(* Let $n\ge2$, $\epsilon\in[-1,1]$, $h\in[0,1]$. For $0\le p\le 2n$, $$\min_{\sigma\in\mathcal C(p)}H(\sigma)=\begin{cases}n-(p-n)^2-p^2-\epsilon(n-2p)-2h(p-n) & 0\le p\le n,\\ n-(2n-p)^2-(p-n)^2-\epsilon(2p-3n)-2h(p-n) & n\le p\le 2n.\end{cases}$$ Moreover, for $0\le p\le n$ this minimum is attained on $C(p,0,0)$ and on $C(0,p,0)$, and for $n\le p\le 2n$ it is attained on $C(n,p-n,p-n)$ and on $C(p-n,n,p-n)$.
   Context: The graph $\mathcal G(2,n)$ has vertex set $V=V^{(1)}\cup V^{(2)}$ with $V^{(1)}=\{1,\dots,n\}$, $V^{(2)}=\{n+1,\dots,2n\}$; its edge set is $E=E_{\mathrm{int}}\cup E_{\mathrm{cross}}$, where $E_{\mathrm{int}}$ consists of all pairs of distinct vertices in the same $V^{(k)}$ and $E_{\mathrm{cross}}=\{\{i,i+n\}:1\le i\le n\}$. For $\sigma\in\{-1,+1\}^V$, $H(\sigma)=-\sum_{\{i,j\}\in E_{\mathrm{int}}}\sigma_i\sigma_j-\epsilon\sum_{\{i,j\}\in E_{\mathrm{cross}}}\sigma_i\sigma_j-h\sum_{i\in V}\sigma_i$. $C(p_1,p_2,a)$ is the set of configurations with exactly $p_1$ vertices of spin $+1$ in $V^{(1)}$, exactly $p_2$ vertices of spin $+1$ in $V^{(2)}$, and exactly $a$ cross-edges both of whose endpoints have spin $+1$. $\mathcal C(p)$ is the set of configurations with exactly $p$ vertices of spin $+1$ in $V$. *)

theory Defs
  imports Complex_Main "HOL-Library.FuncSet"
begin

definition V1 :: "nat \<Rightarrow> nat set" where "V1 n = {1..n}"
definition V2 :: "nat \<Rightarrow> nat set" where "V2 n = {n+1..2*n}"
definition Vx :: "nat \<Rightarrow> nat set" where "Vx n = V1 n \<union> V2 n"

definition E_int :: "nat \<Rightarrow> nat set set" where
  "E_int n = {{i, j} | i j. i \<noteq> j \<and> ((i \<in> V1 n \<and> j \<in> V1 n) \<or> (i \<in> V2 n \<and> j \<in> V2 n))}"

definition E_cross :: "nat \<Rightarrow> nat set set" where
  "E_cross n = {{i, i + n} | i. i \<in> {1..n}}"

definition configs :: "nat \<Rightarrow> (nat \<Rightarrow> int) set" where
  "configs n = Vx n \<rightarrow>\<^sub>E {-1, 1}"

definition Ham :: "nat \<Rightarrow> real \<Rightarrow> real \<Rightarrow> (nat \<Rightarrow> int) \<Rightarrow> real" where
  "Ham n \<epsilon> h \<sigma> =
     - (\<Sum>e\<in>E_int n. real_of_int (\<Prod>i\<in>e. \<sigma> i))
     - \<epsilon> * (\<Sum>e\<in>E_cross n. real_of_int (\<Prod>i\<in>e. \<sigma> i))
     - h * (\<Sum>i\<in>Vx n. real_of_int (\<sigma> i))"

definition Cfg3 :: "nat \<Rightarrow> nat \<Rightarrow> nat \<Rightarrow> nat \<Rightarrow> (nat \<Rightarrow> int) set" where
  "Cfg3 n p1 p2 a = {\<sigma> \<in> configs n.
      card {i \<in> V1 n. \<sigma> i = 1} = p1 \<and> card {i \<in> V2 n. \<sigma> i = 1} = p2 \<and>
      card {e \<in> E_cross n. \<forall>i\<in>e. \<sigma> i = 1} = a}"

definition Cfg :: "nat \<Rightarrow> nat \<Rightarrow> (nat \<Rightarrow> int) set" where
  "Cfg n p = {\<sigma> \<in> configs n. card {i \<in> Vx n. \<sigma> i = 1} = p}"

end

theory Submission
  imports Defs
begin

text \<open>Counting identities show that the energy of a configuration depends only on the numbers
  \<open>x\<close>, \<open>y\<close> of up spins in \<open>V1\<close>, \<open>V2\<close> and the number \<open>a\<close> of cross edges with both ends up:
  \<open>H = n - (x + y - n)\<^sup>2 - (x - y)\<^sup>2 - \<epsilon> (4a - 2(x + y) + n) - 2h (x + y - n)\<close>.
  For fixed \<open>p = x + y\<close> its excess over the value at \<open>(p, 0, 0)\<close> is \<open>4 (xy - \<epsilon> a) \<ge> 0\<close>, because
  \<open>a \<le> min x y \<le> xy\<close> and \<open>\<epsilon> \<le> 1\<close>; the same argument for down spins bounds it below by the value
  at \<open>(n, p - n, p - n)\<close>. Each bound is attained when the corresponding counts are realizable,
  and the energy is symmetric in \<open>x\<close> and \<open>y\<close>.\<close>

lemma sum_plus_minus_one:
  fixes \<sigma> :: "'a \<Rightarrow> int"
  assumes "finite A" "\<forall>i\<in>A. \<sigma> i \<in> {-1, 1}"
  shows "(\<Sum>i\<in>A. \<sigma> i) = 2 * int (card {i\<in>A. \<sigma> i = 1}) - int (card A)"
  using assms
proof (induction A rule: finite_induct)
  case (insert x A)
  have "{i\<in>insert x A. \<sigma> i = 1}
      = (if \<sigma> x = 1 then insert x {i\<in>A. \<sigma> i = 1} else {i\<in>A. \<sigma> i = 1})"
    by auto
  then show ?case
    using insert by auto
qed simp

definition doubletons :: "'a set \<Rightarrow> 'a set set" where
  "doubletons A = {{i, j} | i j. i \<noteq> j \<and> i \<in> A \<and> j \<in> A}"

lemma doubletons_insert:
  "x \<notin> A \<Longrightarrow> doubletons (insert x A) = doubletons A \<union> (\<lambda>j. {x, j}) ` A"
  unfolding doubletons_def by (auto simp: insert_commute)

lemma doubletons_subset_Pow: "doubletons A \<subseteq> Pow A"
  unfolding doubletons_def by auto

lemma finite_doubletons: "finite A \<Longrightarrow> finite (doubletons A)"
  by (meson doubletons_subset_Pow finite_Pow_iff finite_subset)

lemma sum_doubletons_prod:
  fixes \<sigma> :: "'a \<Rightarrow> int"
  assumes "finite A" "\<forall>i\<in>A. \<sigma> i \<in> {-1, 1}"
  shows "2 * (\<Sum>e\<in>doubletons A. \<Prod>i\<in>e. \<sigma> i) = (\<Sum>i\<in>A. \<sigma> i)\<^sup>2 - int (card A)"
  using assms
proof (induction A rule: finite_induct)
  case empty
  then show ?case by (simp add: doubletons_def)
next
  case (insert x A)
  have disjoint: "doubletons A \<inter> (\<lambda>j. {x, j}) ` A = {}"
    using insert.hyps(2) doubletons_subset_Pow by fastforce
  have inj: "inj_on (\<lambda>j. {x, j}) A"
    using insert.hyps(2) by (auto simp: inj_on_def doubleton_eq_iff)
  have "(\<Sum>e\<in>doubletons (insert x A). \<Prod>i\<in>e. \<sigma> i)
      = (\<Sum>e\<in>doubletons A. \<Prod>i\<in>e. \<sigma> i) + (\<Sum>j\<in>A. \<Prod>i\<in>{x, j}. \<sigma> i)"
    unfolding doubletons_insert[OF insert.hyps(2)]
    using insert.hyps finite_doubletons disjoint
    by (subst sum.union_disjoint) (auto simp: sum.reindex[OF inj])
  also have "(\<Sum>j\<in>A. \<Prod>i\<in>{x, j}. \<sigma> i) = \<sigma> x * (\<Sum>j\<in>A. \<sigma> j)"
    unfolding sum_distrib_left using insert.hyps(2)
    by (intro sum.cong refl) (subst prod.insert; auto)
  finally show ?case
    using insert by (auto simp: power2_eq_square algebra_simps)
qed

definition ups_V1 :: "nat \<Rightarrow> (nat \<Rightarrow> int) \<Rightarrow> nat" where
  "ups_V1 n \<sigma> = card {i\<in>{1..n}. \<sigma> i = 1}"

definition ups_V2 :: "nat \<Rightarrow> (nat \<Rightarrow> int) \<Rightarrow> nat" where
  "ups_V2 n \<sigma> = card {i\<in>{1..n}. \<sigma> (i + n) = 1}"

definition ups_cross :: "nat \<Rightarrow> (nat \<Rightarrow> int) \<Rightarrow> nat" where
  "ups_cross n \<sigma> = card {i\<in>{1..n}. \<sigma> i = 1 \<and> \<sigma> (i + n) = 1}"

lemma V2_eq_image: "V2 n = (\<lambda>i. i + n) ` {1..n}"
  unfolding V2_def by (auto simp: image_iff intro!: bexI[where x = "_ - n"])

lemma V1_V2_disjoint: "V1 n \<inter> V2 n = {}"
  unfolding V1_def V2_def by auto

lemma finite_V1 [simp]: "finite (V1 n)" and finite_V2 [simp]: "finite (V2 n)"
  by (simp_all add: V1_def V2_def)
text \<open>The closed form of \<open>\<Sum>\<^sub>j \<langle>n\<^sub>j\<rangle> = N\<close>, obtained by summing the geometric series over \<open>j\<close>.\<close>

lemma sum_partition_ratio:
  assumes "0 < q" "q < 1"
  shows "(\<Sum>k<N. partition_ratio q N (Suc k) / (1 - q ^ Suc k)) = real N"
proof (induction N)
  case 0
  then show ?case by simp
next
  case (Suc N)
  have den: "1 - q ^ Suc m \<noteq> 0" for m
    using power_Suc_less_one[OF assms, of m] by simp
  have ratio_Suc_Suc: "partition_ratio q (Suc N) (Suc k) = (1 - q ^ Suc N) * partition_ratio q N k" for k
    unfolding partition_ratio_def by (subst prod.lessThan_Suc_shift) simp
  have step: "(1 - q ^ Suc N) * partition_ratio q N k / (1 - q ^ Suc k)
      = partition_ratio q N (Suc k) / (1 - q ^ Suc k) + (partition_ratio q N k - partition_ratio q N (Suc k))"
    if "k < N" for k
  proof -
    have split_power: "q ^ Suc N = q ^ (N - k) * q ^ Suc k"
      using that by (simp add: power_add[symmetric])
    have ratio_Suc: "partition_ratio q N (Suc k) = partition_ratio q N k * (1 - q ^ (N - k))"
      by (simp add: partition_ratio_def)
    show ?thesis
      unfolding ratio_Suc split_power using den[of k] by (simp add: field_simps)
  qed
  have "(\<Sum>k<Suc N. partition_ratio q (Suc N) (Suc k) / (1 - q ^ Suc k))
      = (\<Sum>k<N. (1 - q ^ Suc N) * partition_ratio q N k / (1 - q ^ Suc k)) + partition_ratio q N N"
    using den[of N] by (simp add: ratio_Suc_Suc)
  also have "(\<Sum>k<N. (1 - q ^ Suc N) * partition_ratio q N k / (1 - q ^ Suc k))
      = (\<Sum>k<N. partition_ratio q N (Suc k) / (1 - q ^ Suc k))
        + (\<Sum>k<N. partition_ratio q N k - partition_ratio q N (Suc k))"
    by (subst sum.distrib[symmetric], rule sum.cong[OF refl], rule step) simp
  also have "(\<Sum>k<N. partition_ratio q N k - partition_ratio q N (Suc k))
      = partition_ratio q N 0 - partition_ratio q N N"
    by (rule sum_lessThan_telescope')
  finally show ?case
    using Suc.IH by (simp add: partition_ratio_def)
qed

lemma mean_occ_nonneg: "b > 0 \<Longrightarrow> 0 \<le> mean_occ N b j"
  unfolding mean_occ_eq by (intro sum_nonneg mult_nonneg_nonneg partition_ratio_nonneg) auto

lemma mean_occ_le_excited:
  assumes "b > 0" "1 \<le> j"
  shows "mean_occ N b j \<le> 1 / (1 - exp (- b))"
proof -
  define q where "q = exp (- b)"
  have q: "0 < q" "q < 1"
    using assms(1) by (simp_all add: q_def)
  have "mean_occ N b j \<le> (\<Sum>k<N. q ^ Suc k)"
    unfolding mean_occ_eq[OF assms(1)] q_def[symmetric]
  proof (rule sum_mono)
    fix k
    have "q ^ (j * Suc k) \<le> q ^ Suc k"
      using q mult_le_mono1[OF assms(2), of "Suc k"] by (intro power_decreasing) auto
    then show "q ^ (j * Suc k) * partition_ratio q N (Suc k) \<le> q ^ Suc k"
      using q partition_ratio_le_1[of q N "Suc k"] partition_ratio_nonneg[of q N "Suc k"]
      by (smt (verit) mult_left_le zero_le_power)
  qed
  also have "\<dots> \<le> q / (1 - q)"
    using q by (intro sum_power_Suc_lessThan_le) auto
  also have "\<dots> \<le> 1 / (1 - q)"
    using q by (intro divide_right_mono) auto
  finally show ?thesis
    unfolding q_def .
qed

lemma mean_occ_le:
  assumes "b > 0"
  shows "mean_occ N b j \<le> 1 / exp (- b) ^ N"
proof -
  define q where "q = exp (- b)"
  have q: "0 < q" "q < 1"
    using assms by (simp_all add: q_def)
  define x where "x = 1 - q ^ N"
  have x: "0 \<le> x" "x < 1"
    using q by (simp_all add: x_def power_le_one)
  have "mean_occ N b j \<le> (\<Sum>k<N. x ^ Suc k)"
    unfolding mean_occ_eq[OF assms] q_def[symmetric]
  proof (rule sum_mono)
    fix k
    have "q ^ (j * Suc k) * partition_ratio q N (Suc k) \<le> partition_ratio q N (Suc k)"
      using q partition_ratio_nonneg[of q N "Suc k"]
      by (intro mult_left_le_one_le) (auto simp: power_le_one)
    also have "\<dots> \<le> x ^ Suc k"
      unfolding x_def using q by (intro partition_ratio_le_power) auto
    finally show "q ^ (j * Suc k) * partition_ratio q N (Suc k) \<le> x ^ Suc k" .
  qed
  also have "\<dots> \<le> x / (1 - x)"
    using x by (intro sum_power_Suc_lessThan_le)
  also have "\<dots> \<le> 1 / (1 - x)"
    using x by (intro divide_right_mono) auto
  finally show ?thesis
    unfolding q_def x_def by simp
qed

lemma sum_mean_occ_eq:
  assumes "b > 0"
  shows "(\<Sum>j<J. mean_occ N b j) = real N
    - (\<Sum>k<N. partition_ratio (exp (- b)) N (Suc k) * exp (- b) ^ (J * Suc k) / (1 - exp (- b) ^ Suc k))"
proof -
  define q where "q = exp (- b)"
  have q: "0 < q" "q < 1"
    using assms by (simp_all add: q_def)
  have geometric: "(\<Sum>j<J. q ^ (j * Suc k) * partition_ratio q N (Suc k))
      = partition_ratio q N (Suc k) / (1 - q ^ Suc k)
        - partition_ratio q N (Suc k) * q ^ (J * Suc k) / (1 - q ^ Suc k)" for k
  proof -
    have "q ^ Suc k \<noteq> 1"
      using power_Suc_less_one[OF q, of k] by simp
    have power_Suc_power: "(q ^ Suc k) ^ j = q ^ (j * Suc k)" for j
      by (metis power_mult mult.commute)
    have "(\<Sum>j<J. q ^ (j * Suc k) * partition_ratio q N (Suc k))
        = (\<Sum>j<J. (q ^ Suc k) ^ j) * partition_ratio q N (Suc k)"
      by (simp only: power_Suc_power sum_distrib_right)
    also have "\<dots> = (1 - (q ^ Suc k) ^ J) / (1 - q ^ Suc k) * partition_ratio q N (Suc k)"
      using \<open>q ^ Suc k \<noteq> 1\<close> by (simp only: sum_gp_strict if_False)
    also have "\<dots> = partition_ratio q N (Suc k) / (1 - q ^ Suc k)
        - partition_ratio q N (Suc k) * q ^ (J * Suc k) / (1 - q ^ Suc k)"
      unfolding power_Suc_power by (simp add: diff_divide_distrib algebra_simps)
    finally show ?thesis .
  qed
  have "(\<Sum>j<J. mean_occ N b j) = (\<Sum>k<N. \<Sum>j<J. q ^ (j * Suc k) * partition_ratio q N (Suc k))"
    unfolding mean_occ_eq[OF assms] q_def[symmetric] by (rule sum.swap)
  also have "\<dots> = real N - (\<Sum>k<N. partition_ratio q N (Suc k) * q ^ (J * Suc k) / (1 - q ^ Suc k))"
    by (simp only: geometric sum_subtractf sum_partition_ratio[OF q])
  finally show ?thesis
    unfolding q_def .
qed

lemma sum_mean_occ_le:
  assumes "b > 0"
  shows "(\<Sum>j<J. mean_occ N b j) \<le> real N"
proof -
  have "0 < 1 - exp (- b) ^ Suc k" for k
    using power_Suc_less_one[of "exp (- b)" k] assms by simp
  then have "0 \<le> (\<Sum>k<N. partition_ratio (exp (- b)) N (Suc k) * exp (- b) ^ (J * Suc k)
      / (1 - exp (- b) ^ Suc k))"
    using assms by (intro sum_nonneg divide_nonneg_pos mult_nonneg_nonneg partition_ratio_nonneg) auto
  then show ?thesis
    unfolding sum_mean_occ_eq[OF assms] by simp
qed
________________
Exercise aim: Copy out each line of the records where the word "open" appears.

Response area:
text \<open>Counting identities show that the energy of a configuration depends only on the numbers
  \<open>x\<close>, \<open>y\<close> of up spins in \<open>V1\<close>, \<open>V2\<close> and the number \<open>a\<close> of cross edges with both ends up:
  \<open>H = n - (x + y - n)\<^sup>2 - (x - y)\<^sup>2 - \<epsilon> (4a - 2(x + y) + n) - 2h (x + y - n)\<close>.
  For fixed \<open>p = x + y\<close> its excess over the value at \<open>(p, 0, 0)\<close> is \<open>4 (xy - \<epsilon> a) \<ge> 0\<close>, because
  \<open>a \<le> min x y \<le> xy\<close> and \<open>\<epsilon> \<le> 1\<close>; the same argument for down spins bounds it below by the value
  at \<open>(n, p - n, p - n)\<close>. Each bound is attained when the corresponding counts are realizable,
  and the energy is symmetric in \<open>x\<close> and \<open>y\<close>.\<close>
text \<open>The closed form of \<open>\<Sum>\<^sub>j \<langle>n\<^sub>j\<rangle> = N\<close>, obtained by summing the geometric series over \<open>j\<close>.\<close>
      using \<open>q ^ Suc k \<noteq> 1\<close> by (simp only: sum_gp_strict if_False)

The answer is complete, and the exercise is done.